Provided information below:

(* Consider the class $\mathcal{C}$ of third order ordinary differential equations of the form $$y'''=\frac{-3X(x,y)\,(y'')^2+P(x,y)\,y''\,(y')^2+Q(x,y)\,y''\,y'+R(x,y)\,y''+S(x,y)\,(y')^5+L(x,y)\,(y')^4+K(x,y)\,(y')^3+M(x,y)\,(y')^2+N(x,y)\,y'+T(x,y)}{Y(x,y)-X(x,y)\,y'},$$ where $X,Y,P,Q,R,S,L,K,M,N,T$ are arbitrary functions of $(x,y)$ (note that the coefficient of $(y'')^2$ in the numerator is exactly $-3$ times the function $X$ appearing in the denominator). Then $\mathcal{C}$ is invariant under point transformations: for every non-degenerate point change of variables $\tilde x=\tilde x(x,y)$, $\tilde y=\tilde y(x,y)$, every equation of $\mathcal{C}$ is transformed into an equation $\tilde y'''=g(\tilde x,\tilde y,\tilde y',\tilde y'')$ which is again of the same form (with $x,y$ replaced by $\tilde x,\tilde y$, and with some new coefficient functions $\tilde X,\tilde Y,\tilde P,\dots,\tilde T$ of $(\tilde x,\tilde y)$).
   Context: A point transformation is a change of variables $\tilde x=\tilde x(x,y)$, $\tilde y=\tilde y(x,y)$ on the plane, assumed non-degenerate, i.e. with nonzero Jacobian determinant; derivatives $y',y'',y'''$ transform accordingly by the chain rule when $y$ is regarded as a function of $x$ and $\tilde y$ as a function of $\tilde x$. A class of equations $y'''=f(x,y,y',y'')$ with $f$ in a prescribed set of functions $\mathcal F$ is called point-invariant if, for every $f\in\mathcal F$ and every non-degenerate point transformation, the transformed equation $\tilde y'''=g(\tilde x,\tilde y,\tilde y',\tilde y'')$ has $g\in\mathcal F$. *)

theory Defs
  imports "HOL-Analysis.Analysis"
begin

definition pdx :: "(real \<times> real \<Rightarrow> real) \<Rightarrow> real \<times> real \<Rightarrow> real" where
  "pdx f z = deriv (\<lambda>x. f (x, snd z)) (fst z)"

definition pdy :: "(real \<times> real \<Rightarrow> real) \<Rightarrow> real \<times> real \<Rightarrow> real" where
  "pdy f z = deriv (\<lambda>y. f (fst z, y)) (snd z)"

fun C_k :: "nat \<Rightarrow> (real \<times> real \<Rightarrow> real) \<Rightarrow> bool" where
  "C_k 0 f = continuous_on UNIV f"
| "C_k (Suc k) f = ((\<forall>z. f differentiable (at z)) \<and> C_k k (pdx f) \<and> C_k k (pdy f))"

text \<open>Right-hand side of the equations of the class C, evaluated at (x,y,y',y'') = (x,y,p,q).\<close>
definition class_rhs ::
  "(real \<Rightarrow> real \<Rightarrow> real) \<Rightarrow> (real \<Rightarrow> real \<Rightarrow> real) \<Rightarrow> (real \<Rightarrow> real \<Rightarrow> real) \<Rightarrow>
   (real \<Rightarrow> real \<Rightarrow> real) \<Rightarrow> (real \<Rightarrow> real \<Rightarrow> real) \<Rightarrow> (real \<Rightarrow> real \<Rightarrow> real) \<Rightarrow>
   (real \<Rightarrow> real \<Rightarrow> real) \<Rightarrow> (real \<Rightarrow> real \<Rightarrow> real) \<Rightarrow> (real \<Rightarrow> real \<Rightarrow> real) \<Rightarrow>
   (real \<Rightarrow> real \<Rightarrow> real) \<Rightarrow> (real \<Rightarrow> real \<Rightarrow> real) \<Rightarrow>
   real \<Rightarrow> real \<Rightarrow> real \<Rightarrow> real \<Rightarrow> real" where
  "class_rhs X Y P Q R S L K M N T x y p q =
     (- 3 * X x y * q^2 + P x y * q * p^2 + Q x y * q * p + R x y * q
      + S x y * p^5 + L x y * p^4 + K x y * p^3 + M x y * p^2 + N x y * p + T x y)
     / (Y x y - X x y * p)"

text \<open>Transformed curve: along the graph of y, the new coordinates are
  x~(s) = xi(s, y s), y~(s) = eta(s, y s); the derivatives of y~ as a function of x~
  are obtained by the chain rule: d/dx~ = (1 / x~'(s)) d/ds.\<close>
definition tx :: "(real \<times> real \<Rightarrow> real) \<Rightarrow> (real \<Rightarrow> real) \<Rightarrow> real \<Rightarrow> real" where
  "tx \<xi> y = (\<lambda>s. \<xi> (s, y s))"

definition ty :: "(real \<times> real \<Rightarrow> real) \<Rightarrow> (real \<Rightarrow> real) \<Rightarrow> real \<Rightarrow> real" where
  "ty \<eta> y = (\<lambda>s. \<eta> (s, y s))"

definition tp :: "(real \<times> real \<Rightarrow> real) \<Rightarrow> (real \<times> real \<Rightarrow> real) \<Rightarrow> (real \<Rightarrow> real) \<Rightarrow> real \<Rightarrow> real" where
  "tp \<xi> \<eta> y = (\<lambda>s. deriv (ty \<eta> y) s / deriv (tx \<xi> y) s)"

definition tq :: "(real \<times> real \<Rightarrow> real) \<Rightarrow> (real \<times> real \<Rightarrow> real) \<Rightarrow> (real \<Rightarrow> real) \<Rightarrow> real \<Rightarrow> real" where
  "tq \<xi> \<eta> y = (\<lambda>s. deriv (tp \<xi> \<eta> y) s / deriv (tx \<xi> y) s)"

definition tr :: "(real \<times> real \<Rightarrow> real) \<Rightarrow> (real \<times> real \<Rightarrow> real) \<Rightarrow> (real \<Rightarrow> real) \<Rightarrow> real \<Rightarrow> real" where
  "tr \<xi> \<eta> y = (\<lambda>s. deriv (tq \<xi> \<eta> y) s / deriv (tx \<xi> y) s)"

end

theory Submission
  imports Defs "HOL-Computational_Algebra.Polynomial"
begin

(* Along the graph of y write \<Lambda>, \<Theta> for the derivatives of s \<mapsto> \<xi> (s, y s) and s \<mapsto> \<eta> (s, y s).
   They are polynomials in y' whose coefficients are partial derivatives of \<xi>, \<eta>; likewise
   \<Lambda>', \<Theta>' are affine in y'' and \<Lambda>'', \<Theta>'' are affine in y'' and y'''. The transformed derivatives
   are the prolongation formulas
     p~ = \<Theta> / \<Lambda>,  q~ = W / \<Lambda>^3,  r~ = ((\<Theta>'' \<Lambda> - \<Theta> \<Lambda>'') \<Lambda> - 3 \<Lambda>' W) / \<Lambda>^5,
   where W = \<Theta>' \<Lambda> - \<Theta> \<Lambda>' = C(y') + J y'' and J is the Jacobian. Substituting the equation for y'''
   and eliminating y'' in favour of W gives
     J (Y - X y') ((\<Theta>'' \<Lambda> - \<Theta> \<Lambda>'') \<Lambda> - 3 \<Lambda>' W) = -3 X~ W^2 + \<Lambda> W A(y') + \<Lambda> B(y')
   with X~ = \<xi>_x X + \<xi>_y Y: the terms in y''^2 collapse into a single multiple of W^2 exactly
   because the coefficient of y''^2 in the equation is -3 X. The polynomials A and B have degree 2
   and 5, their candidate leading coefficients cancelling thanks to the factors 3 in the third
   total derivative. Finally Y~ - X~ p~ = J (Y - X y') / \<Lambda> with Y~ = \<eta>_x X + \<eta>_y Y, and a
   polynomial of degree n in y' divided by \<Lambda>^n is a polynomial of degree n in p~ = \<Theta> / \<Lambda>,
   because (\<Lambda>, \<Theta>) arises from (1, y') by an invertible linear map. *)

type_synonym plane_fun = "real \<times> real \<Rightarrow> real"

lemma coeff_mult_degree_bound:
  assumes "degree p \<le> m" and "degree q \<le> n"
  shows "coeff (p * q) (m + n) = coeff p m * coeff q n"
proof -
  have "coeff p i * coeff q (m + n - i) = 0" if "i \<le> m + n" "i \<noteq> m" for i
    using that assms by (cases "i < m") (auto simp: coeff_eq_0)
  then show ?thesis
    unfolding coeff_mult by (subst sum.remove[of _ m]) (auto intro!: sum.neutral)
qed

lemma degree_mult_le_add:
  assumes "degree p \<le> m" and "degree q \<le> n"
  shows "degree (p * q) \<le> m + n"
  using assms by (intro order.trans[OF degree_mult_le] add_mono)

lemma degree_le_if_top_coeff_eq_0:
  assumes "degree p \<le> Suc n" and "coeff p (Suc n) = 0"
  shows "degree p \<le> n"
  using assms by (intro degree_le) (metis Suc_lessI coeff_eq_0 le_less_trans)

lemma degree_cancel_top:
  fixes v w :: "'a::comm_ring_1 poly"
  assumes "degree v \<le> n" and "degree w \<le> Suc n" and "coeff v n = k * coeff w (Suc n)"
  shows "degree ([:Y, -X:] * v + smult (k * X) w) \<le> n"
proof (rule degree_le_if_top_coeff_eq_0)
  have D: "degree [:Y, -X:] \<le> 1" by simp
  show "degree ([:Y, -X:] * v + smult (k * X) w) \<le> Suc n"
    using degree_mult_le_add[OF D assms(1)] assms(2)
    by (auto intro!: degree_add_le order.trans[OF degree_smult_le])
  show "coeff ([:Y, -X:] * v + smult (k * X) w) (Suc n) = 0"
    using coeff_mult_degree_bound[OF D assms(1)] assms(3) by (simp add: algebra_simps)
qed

End of Provided information.

§ Aim of the exercise: Above are the records; from them, give again exactly the lines from the one containing "and eliminating y'' in favour of W gives" through the one containing "then show ?thesis", both included.

§ Exercise response:
   and eliminating y'' in favour of W gives
     J (Y - X y') ((\<Theta>'' \<Lambda> - \<Theta> \<Lambda>'') \<Lambda> - 3 \<Lambda>' W) = -3 X~ W^2 + \<Lambda> W A(y') + \<Lambda> B(y')
   with X~ = \<xi>_x X + \<xi>_y Y: the terms in y''^2 collapse into a single multiple of W^2 exactly
   because the coefficient of y''^2 in the equation is -3 X. The polynomials A and B have degree 2
   and 5, their candidate leading coefficients cancelling thanks to the factors 3 in the third
   total derivative. Finally Y~ - X~ p~ = J (Y - X y') / \<Lambda> with Y~ = \<eta>_x X + \<eta>_y Y, and a
   polynomial of degree n in y' divided by \<Lambda>^n is a polynomial of degree n in p~ = \<Theta> / \<Lambda>,
   because (\<Lambda>, \<Theta>) arises from (1, y') by an invertible linear map. *)

type_synonym plane_fun = "real \<times> real \<Rightarrow> real"

lemma coeff_mult_degree_bound:
  assumes "degree p \<le> m" and "degree q \<le> n"
  shows "coeff (p * q) (m + n) = coeff p m * coeff q n"
proof -
  have "coeff p i * coeff q (m + n - i) = 0" if "i \<le> m + n" "i \<noteq> m" for i
    using that assms by (cases "i < m") (auto simp: coeff_eq_0)
  then show ?thesis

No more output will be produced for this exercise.